The four beasts are described in Ezekiel i 4-14 and Revelation iv 6-9. Their faces of man, lion, ox and eagle represent Matthew, Mark, Luke and John (and incidentally the four fixed Zodiacal signs of Aquarius, Leo, Taurus, and Scorpio). The green leaves indicate Hope. See I Timothy i 1. The six wings are the six laws (according to Pietro di Dante) Natural, Mosaic, Prophetic, Evangelical, Apostolic, and Canonical. The eyes indicate knowledge of past and future. John says the beasts have six wings, Ezekiel four. Dante follows the writings of St John the Divine, taking the New Testament as more authoritative.

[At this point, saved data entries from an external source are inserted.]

text \<open>Coefficient of x0^c x1^a x2^b in  x0^{-1} delta((x1-x2)/x0) f(x1,x2)
 = sum_n x0^{-n-1} (x1-x2)^n f(x1,x2), binomials expanded in nonnegative powers of x2.
The sum over k is finite when ser_21 f holds.\<close>
definition jac_P :: "(complex \<Rightarrow> 'v \<Rightarrow> 'v) \<Rightarrow> (int \<Rightarrow> int \<Rightarrow> 'v::ab_group_add) \<Rightarrow> int \<Rightarrow> int \<Rightarrow> int \<Rightarrow> 'v" where
  "jac_P s f c a b = (let n = - c - 1 in
     \<Sum>k\<in>{k::nat. f (a - n + int k) (b - int k) \<noteq> 0}.
        s ((-1) ^ k * ((of_int n :: complex) gchoose k)) (f (a - n + int k) (b - int k)))"

text \<open>Coefficient of x0^c x1^a x2^b in  x0^{-1} delta((x2-x1)/(-x0)) g(x1,x2)
 = sum_n (-1)^n x0^{-n-1} (x2-x1)^n g(x1,x2), binomials expanded in nonnegative powers of x1.\<close>
definition jac_B :: "(complex \<Rightarrow> 'v \<Rightarrow> 'v) \<Rightarrow> (int \<Rightarrow> int \<Rightarrow> 'v::ab_group_add) \<Rightarrow> int \<Rightarrow> int \<Rightarrow> int \<Rightarrow> 'v" where
  "jac_B s g c a b = (let n = - c - 1 in
     \<Sum>k\<in>{k::nat. g (a - int k) (b - n + int k) \<noteq> 0}.
        s ((-1) powi n * (-1) ^ k * ((of_int n :: complex) gchoose k)) (g (a - int k) (b - n + int k)))"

The two wheels of the Church’s chariot are the contemplative and active life (or the Old and New Testaments, or the Franciscan and Dominican orders, or all three in simultaneous and complex allegory.).
The Grifon is Christ, half eagle and half lion in his divine golden, and human red-and-white aspects. The wings are Mercy, and Truth or Justice. See Psalms 36 verses 5 7, and 10, and 57 verses 1 and 11. The three theological virtues Faith in white, Hope in green, and Charity in red, dance by the right hand wheel (They are also perhaps the Three Graces, Giving, Receiving and Thanking), Charity gives them their measure, see First Corinthians xiii 13 ‘but the greatest of these is Charity,’ while sometimes Faith leads.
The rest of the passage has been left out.